In this study, we delaminated an iron-based LDH in L-asparagine and employed the delaminated LDH to remove tungstate from an aqueous solution for the first time. The major objectives were to characterize the composition, structure, and properties of the delaminated iron-based LDH samples before and after reacting with tungstate-bearing solutions to evaluate the capacities of delaminated iron-based LDH in terms of tungstate removal under different conditions via changing the contact time, initial tungstate concentration, solution pH, and coexisting anions, and to elaborate the mechanisms involved in tungstate removal from aqueous solutions. This study not only provides an environmentally friendly method for delaminating iron-based LDHs but also proposes a promising way to remove tungstate from water.

2. Materials and Methods

2.1. Synthesis of Iron-Based LDH

All chemical reagents were purchased from Sinopharm Chemical Reagent Co., Ltd. (Shanghai, China). Considering carbonate derived from CO₂ in the air would be preferentially inserted into the interlayers and have a high affinity for LDHs, the deionized water involved in the preparation and washing was decarbonated prior to being boiled and subsequently cooled in N₂ atmosphere for at least 30 min to remove the CO₂ from the deionized water.

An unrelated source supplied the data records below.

(* Let $n\ge1$ be an integer and let $k\in\mathbb{R}\setminus A_n$. Then there is a unique pair $(a,b)\in\mathbb{R}^2$ with $(a,b)\neq(0,0)$ satisfying both $S^{(a,b)}_{k,n+1}-S^{(a,b)}_{k,n}=-bk+2b-a$ and $4a^3+27b^2=0$; namely $a=-\frac{27(F_n(k)+1)^2}{4(G_n(k)+k-2)^2}$, $b=\frac{27(F_n(k)+1)^3}{4(G_n(k)+k-2)^3}$.
   Context: For real $k,a,b$, the generalized $k$-FL sequence is $S^{(a,b)}_{k,0}=2b$, $S^{(a,b)}_{k,1}=bk+a$, $S^{(a,b)}_{k,m}=kS^{(a,b)}_{k,m-1}+S^{(a,b)}_{k,m-2}$ ($m\ge2$). Define $f_m,g_m\in\mathbb{Z}[T]$ by $f_0=0,f_1=1,g_0=2,g_1=T$, $f_m=Tf_{m-1}+f_{m-2}$, $g_m=Tg_{m-1}+g_{m-2}$, and set $F_n=f_{n+1}-f_n$, $G_n=g_{n+1}-g_n$, so that $S^{(a,b)}_{k,n+1}-S^{(a,b)}_{k,n}=F_n(k)a+G_n(k)b$. Let $A_n=\{k\in\mathbb{R}: F_n(k)+1=0 \text{ or } G_n(k)+k-2=0\}$. *)

theory Defs
  imports Complex_Main "HOL-Computational_Algebra.Polynomial"
begin

fun S :: "real \<Rightarrow> real \<Rightarrow> real \<Rightarrow> nat \<Rightarrow> real" where
  "S a b k 0 = 2 * b"
| "S a b k (Suc 0) = b * k + a"
| "S a b k (Suc (Suc m)) = k * S a b k (Suc m) + S a b k m"

fun fpoly :: "nat \<Rightarrow> int poly" where
  "fpoly 0 = 0"
| "fpoly (Suc 0) = 1"
| "fpoly (Suc (Suc m)) = [:0, 1:] * fpoly (Suc m) + fpoly m"

fun gpoly :: "nat \<Rightarrow> int poly" where
  "gpoly 0 = [:2:]"
| "gpoly (Suc 0) = [:0, 1:]"
| "gpoly (Suc (Suc m)) = [:0, 1:] * gpoly (Suc m) + gpoly m"

definition Fpoly :: "nat \<Rightarrow> int poly" where
  "Fpoly n = fpoly (n + 1) - fpoly n"

definition Gpoly :: "nat \<Rightarrow> int poly" where
  "Gpoly n = gpoly (n + 1) - gpoly n"

definition evalR :: "int poly \<Rightarrow> real \<Rightarrow> real" where
  "evalR p k = poly (map_poly of_int p) k"

definition A_set :: "nat \<Rightarrow> real set" where
  "A_set n = {k. evalR (Fpoly n) k + 1 = 0 \<or> evalR (Gpoly n) k + k - 2 = 0}"

end

theory Submission
  imports Defs
begin

text \<open>
  By induction S a b k m = f_m(k) a + g_m(k) b, so the difference condition is the line
  P a + Q b = 0 with P = F_n(k) + 1 and Q = G_n(k) + k - 2, both nonzero since k is not in A_n.
  Substituting a = -Q b / P into the cusp 4 a^3 + 27 b^2 = 0 gives b^2 (27 P^3 - 4 Q^3 b) = 0,
  and b = 0 would force (a, b) = (0, 0); so the line meets the cusp away from the origin in
  exactly one point.
\<close>

lemma evalR_add: "evalR (p + q) k = evalR p k + evalR q k"
  unfolding evalR_def by (subst poly_eqI[of _ "map_poly of_int p + map_poly of_int q"])
    (simp_all add: coeff_map_poly)

lemma evalR_diff: "evalR (p - q) k = evalR p k - evalR q k"
  unfolding evalR_def by (subst poly_eqI[of _ "map_poly of_int p - map_poly of_int q"])
    (simp_all add: coeff_map_poly)

lemma evalR_X_mult: "evalR ([:0, 1:] * p) k = k * evalR p k"
  by (simp add: evalR_def map_poly_pCons)

lemma S_eq_fpoly_gpoly: "S a b k m = evalR (fpoly m) k * a + evalR (gpoly m) k * b"
  by (induction m rule: fpoly.induct)
    (simp_all add: evalR_add evalR_X_mult algebra_simps, simp_all add: evalR_def map_poly_pCons)

lemma S_Suc_diff: "S a b k (n + 1) - S a b k n = evalR (Fpoly n) k * a + evalR (Gpoly n) k * b"
  by (simp add: S_eq_fpoly_gpoly Fpoly_def Gpoly_def evalR_diff algebra_simps)

lemma line_cusp_point:
  fixes P Q :: real
  assumes "P \<noteq> 0" "Q \<noteq> 0"
  defines "a \<equiv> - (27 * P ^ 2) / (4 * Q ^ 2)" and "b \<equiv> (27 * P ^ 3) / (4 * Q ^ 3)"
  shows "(a, b) \<noteq> (0, 0) \<and> P * a + Q * b = 0 \<and> 4 * a ^ 3 + 27 * b ^ 2 = 0"
proof -
  have "b \<noteq> 0" using assms by (simp add: b_def)
  moreover have "P * a + Q * b = 0"
    using assms by (simp add: a_def b_def field_simps power3_eq_cube power2_eq_square)
  moreover have "a ^ 3 = - (27 ^ 3 * P ^ 6) / (64 * Q ^ 6)" "b ^ 2 = (27 ^ 2 * P ^ 6) / (16 * Q ^ 6)"
    by (simp_all add: a_def b_def power_divide power_mult_distrib flip: power_mult)
  ultimately show ?thesis by simp
qed

lemma line_cusp_point_unique:
  fixes P Q a b :: real
  assumes "P \<noteq> 0" "Q \<noteq> 0" "(a, b) \<noteq> (0, 0)" "P * a + Q * b = 0" "4 * a ^ 3 + 27 * b ^ 2 = 0"
  shows "a = - (27 * P ^ 2) / (4 * Q ^ 2)" "b = (27 * P ^ 3) / (4 * Q ^ 3)"
proof -
  have a: "a = - Q * b / P" using assms(1,4) by (simp add: field_simps)
  with assms(3) have "b \<noteq> 0" by auto
  have "b ^ 2 * (27 * P ^ 3 - 4 * Q ^ 3 * b) = 0"
    using assms(1,5) by (simp add: a field_simps power3_eq_cube power2_eq_square)
  with \<open>b \<noteq> 0\<close> have "27 * P ^ 3 = 4 * Q ^ 3 * b" by simp
  then show b: "b = (27 * P ^ 3) / (4 * Q ^ 3)" using assms(2) by (simp add: field_simps)
  show "a = - (27 * P ^ 2) / (4 * Q ^ 2)"
    using assms(1,2) by (simp add: a b field_simps power3_eq_cube power2_eq_square)
qed

theorem lemma3p5:
  fixes n :: nat and k :: real
  assumes "n \<ge> 1" and "k \<notin> A_set n"
  shows "(\<exists>!p :: real \<times> real. p \<noteq> (0, 0) \<and>
            S (fst p) (snd p) k (n + 1) - S (fst p) (snd p) k n
              = - (snd p) * k + 2 * (snd p) - fst p \<and>
            4 * (fst p) ^ 3 + 27 * (snd p) ^ 2 = 0)
       \<and> (let a = - (27 * (evalR (Fpoly n) k + 1) ^ 2) / (4 * (evalR (Gpoly n) k + k - 2) ^ 2);
              b = (27 * (evalR (Fpoly n) k + 1) ^ 3) / (4 * (evalR (Gpoly n) k + k - 2) ^ 3)
          in (a, b) \<noteq> (0, 0) \<and> S a b k (n + 1) - S a b k n = - b * k + 2 * b - a \<and>
             4 * a ^ 3 + 27 * b ^ 2 = 0)"
proof -
  define P where "P = evalR (Fpoly n) k + 1"
  define Q where "Q = evalR (Gpoly n) k + k - 2"
  have "P \<noteq> 0" "Q \<noteq> 0" using assms(2) by (auto simp: A_set_def P_def Q_def)
  have line: "S a b k (n + 1) - S a b k n = - b * k + 2 * b - a \<longleftrightarrow> P * a + Q * b = 0" for a b
    using S_Suc_diff[of a b k n] by (simp add: P_def Q_def algebra_simps)
  define a0 where "a0 = - (27 * P ^ 2) / (4 * Q ^ 2)"
  define b0 where "b0 = (27 * P ^ 3) / (4 * Q ^ 3)"
  have sol: "(a0, b0) \<noteq> (0, 0) \<and> P * a0 + Q * b0 = 0 \<and> 4 * a0 ^ 3 + 27 * b0 ^ 2 = 0"
    using line_cusp_point[OF \<open>P \<noteq> 0\<close> \<open>Q \<noteq> 0\<close>] by (simp add: a0_def b0_def)
  have "\<exists>!p :: real \<times> real. p \<noteq> (0, 0) \<and> P * fst p + Q * snd p = 0 \<and>
          4 * (fst p) ^ 3 + 27 * (snd p) ^ 2 = 0"
  proof (rule ex1I[of _ "(a0, b0)"])
    fix p :: "real \<times> real"
    assume "p \<noteq> (0, 0) \<and> P * fst p + Q * snd p = 0 \<and> 4 * (fst p) ^ 3 + 27 * (snd p) ^ 2 = 0"
    then show "p = (a0, b0)"
      using line_cusp_point_unique[OF \<open>P \<noteq> 0\<close> \<open>Q \<noteq> 0\<close>, of "fst p" "snd p"]
      unfolding a0_def b0_def by (metis prod.collapse)
  qed (use sol in simp)
  with sol show ?thesis
    unfolding line Let_def by (simp add: a0_def b0_def P_def Q_def)
qed

end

An LDH with a Mg/Fe ratio of 3 and nitrate intercalated (iron-based LDH) was synthesized using fast precipitation followed by a hydrothermal treatment method in accordance with our previous study [29]. Briefly, a mixed salt solution containing Mg(NO₃)₂ and Fe(NO₃)₃ was promptly added to the NaOH solution with vigorous stirring. The resulting brown LDH products were isolated by repeated centrifuging and the replacement of the supernatant water for further treatment. As a control experiment, the non-delaminated iron-based LDH (noted as L0) that was separated from the slurries before delamination was freeze-dried for analysis.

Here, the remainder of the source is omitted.